In defense of arugula

I remember being perplexed last year when Barack Obama was roundly mocked for wondering aloud about the pain Iowans were feeling over the price of arugula at Whole Foods. Not because it was tone deaf – it was. Or because there are no Whole Foods stores in the state of Iowa – there are none. But because arugula itself was somehow a stand in for out-of-touch snobbery. I always just thought it was an ingredient, albeit a tasty and underrated one.

Besides, extrapolating political symbolism from food rather than any real substance, well, just so depressingly mindless. The “freedom fries” debacle of the post 9/11 days is another example of what cynical politicians and their mouthpieces (a fraternity of which I am a member, I admit) say when they’re left home alone after the grown-ups go on vacation.
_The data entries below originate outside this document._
lemma gd_iterates_contraction:
  assumes z: "z \<in> X" and xs: "xs \<in> X" and min: "\<forall>y\<in>X. F xs \<le> F y"
  shows "(norm ((gd_step X L G ^^ k) z - xs))\<^sup>2 \<le> ((L - \<mu>) / (L + \<mu>)) ^ k * (norm (z - xs))\<^sup>2"
proof (induction k)
  case (Suc k)
  define q where "q = (gd_step X L G ^^ k) z"
  have "q \<in> X"
    unfolding q_def using closed nonempty z by (rule funpow_gd_step_in_set)
  have "L + \<mu> > 0" using mu_pos mu_le_L by simp
  then have "(norm (gd_step X L G q - xs))\<^sup>2 \<le> (L - \<mu>) / (L + \<mu>) * (norm (q - xs))\<^sup>2"
    using gd_step_contraction[OF \<open>q \<in> X\<close> xs min] by (simp add: field_simps)
  also have "\<dots> \<le> (L - \<mu>) / (L + \<mu>) * (((L - \<mu>) / (L + \<mu>)) ^ k * (norm (z - xs))\<^sup>2)"
    using Suc.IH mu_pos mu_le_L unfolding q_def by (intro mult_left_mono) auto
  finally show ?case
    unfolding q_def by (simp add: mult.assoc)
qed simp

lemma gd_iterates_track_moving_minimizer:
  assumes z: "z \<in> X" and xs: "xs \<in> X" and min: "\<forall>y\<in>X. F xs \<le> F y"
    and rate: "((L - \<mu>) / (L + \<mu>)) ^ K \<le> 1 / 4"
  shows "(norm ((gd_step X L G ^^ K) z - y))\<^sup>2 \<le> (norm (z - xs))\<^sup>2 / 2 + 2 * (norm (y - xs))\<^sup>2"
proof -
  have "(norm ((gd_step X L G ^^ K) z - xs))\<^sup>2 \<le> 1 / 4 * (norm (z - xs))\<^sup>2"
    by (rule order_trans[OF gd_iterates_contraction[OF z xs min] mult_right_mono[OF rate]]) simp
  moreover have "(gd_step X L G ^^ K) z - y = ((gd_step X L G ^^ K) z - xs) + (xs - y)"
    by simp
  ultimately show ?thesis
    using norm_add_power2_le[of "(gd_step X L G ^^ K) z - xs" "xs - y"]
    by (simp add: norm_minus_commute)
qed

lemma value_le_gradient_norm_plus_distance:
  assumes xs: "xs \<in> X" and x: "x \<in> X" and "0 < \<alpha>"
  shows "F x \<le> F xs + 1 / (2 * \<alpha>) * (norm (G xs))\<^sup>2 + (L + \<alpha>) / 2 * (norm (x - xs))\<^sup>2"
  using smooth[OF xs x] inner_le_Young[OF \<open>0 < \<alpha>\<close>, of "G xs" "x - xs"]
  by (simp add: field_simps)

end

lemma omgd_tracking_error_sum:
  fixes X :: "'a::euclidean_space set"
  assumes "1 \<le> T" and "x0 \<in> X"
    and scs: "\<And>t. t \<in> {1..T} \<Longrightarrow> smooth_strongly_convex X (f t) (g t) \<mu> L"
    and xs_min: "\<And>t. t \<in> {1..T} \<Longrightarrow> xs t \<in> X \<and> (\<forall>y\<in>X. f t (xs t) \<le> f t y)"
    and rate: "((L - \<mu>) / (L + \<mu>)) ^ K \<le> 1 / 4"
  shows "(\<Sum>t=1..T. (norm (omgd X L g K x0 t - xs t))\<^sup>2)
         \<le> 2 * ((norm (omgd X L g K x0 1 - xs 1))\<^sup>2 + 2 * (\<Sum>t=2..T. (norm (xs t - xs (t - 1)))\<^sup>2))"
proof -
  define x where "x = omgd X L g K x0"
  define e where "e t = (norm (x t - xs t))\<^sup>2" for t
  define p where "p t = (norm (xs t - xs (t - 1)))\<^sup>2" for t
  have "smooth_strongly_convex X (f 1) (g 1) \<mu> L"
    using scs \<open>1 \<le> T\<close> by simp
  then have "closed X" "X \<noteq> {}"
    by (simp_all add: smooth_strongly_convex.closed smooth_strongly_convex.nonempty)
  then have x_in: "x t \<in> X" for t
    unfolding x_def using \<open>x0 \<in> X\<close> by (rule omgd_in_set)
  have "e t \<le> e (t - 1) / 2 + 2 * p t" if "2 \<le> t" "t \<le> T" for t
  proof -
    have s: "t - 1 \<in> {1..T}" using that by auto
    have "x t = (gd_step X L (g (t - 1)) ^^ K) (x (t - 1))"
      unfolding x_def using that(1) by (rule omgd_step)
    moreover have "xs (t - 1) \<in> X" "\<forall>y\<in>X. f (t - 1) (xs (t - 1)) \<le> f (t - 1) y"
      using xs_min[OF s] by auto
    ultimately show ?thesis
      using smooth_strongly_convex.gd_iterates_track_moving_minimizer[OF scs[OF s] x_in _ _ rate]
      unfolding e_def p_def by simp
  qed
  then have "(\<Sum>t=1..T. e t) + e T \<le> 2 * e 1 + 4 * (\<Sum>t=2..T. p t)"
    using \<open>1 \<le> T\<close> by (rule sum_le_of_halving_recurrence)
  moreover have "0 \<le> e T" unfolding e_def by simp
  ultimately have "(\<Sum>t=1..T. e t) \<le> 2 * (e 1 + 2 * (\<Sum>t=2..T. p t))" by simp
  then show ?thesis
    unfolding e_def p_def x_def .
qed

theorem lemma2:
  fixes X :: "'a::euclidean_space set"
    and f :: "nat \<Rightarrow> 'a \<Rightarrow> real"
    and g :: "nat \<Rightarrow> 'a \<Rightarrow> 'a"
    and xs :: "nat \<Rightarrow> 'a"
    and x0 :: 'a
    and \<mu> L \<alpha> :: real
    and T :: nat
  assumes "T \<ge> 1"
    and "X \<noteq> {}" and "closed X" and "convex X"
    and "0 < \<mu>" and "\<mu> \<le> L"
    and nonneg: "\<And>t x. t \<in> {1..T} \<Longrightarrow> x \<in> X \<Longrightarrow> f t x \<ge> 0"
    and deriv: "\<And>t x. t \<in> {1..T} \<Longrightarrow> x \<in> X \<Longrightarrow>
                 (f t has_derivative (\<lambda>h. g t x \<bullet> h)) (at x within X)"
    and lower: "\<And>t x y. t \<in> {1..T} \<Longrightarrow> x \<in> X \<Longrightarrow> y \<in> X \<Longrightarrow>
                 \<mu> / 2 * (norm (y - x))\<^sup>2 \<le> f t y - f t x - g t x \<bullet> (y - x)"
    and upper: "\<And>t x y. t \<in> {1..T} \<Longrightarrow> x \<in> X \<Longrightarrow> y \<in> X \<Longrightarrow>
                 f t y - f t x - g t x \<bullet> (y - x) \<le> L / 2 * (norm (y - x))\<^sup>2"
    and xs_min: "\<And>t. t \<in> {1..T} \<Longrightarrow> xs t \<in> X \<and> (\<forall>y\<in>X. f t (xs t) \<le> f t y)"
    and "x0 \<in> X"
    and "\<alpha> > 0"
  shows "(\<Sum>t=1..T. f t (omgd X L g (nat \<lceil>(L + \<mu>) / (2 * \<mu>) * ln 4\<rceil>) x0 t))
         \<le> (\<Sum>t=1..T. f t (xs t)) + 1 / (2 * \<alpha>) * (\<Sum>t=1..T. (norm (g t (xs t)))\<^sup>2)
           + (L + \<alpha>) * ((norm (omgd X L g (nat \<lceil>(L + \<mu>) / (2 * \<mu>) * ln 4\<rceil>) x0 1 - xs 1))\<^sup>2
                        + 2 * (\<Sum>t=2..T. (norm (xs t - xs (t - 1)))\<^sup>2))"
proof -
  define K where "K = nat \<lceil>(L + \<mu>) / (2 * \<mu>) * ln 4\<rceil>"
  define x where "x = omgd X L g K x0"
  have scs: "smooth_strongly_convex X (f t) (g t) \<mu> L" if "t \<in> {1..T}" for t
    using assms lower[OF that] upper[OF that] by unfold_locales auto
  have "(L + \<mu>) / (2 * \<mu>) * ln 4 \<le> real K"
    unfolding K_def by linarith
  then have "((L - \<mu>) / (L + \<mu>)) ^ K \<le> 1 / 4"
    using assms by (intro contraction_factor_power_le_quarter) auto
  then have tracking: "(\<Sum>t=1..T. (norm (x t - xs t))\<^sup>2)
      \<le> 2 * ((norm (x 1 - xs 1))\<^sup>2 + 2 * (\<Sum>t=2..T. (norm (xs t - xs (t - 1)))\<^sup>2))"
    unfolding x_def using assms scs xs_min by (intro omgd_tracking_error_sum)
  have "(\<Sum>t=1..T. f t (x t)) \<le> (\<Sum>t=1..T. f t (xs t) + 1 / (2 * \<alpha>) * (norm (g t (xs t)))\<^sup>2
                                           + (L + \<alpha>) / 2 * (norm (x t - xs t))\<^sup>2)"
    using smooth_strongly_convex.value_le_gradient_norm_plus_distance[OF scs] xs_min
      omgd_in_set[OF \<open>closed X\<close> \<open>X \<noteq> {}\<close> \<open>x0 \<in> X\<close>] \<open>\<alpha> > 0\<close>
    unfolding x_def by (intro sum_mono) auto
  also have "\<dots> = (\<Sum>t=1..T. f t (xs t)) + 1 / (2 * \<alpha>) * (\<Sum>t=1..T. (norm (g t (xs t)))\<^sup>2)
                  + (L + \<alpha>) / 2 * (\<Sum>t=1..T. (norm (x t - xs t))\<^sup>2)"
    by (simp add: sum.distrib sum_distrib_left)
  also have "\<dots> \<le> (\<Sum>t=1..T. f t (xs t)) + 1 / (2 * \<alpha>) * (\<Sum>t=1..T. (norm (g t (xs t)))\<^sup>2)
      + (L + \<alpha>) * ((norm (x 1 - xs 1))\<^sup>2 + 2 * (\<Sum>t=2..T. (norm (xs t - xs (t - 1)))\<^sup>2))"
    using tracking assms by (simp add: mult_left_mono)
  finally show ?thesis
    unfolding x_def K_def .
qed

end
Upturned Earth blogger John Schwenkler revisits his notion that family-centered meals, local governance and yes, arugula should be more widely embraced by conservatives.

Unlike, say, petite vanilla scones or that old liberal staple, the cappuccino, the plant that is known by much of the English-speaking world as “rocket” hardly deserves to be pegged as the exclusive province of left-wing foodies.


Author: Scott

I am a married father of two. I graduated from Rock Bridge High School and then Mizzou before spending six years in the Washington, D.C. area. We returned to Columbia, Missouri in 2006.

3 thoughts

  1. I find it pathetic that intelligent food choices can be mocked. The concept of a “food elitist” implies that anyone who restricts themselves to certain foods over others is a snob. The problem is that it is only used in one direction. Isn’t someone who restricts themselves to Bud Lite and McDonalds and refuses to try or value other foods just as much of a cultural snob in their own right? And isn’t that depiction of the “burger-munching real American” just as much of a caraciture as the a”rugula-munching elitist”? These sorts of culture wars work both ways.

    We all make our food choices for various reasons, and we all think our personal style of eating is better (or we wouldn’t keep doing it). There is plenty of pretention to go around, from the pressed tableclothes to greasy bowling alleys, in which everyone is convinced that their food culture is better and more real. It’s the nature of having an opinion or making a choice. But it’s sad when those choices are used to mock and divide.

  2. Very true, Eric. And I think it speaks to the fact even for Americans – bred as we have been the past couple of generations on mass-produced food – food is part of how we set ourselves apart from others. Food still has a powerful hold on us, even if we eat 20% of ours in the car. And when food retains that power there is the potential for change. The old, locally-oriented and sustainable methods of producing food stand a chance of making a comeback where people retain strong feelings about the food they eat.

    But it can’t happen from Berkeley or Slow Food San Francisco, it’s got to be home-grown; and I see glimmers of that happening here.

  3. Maybe I misunderstood, but when I read the full transcript of Obama’s statement, I thought he was suggesting that farmers should think about getting into growing specialty food items because they fetch high prices. I thought he was encouraging farmers to diversify into crops that people are willing to pay through the nose for. In that context, it didn’t seem as clueless to me. I may have misunderstood it, though.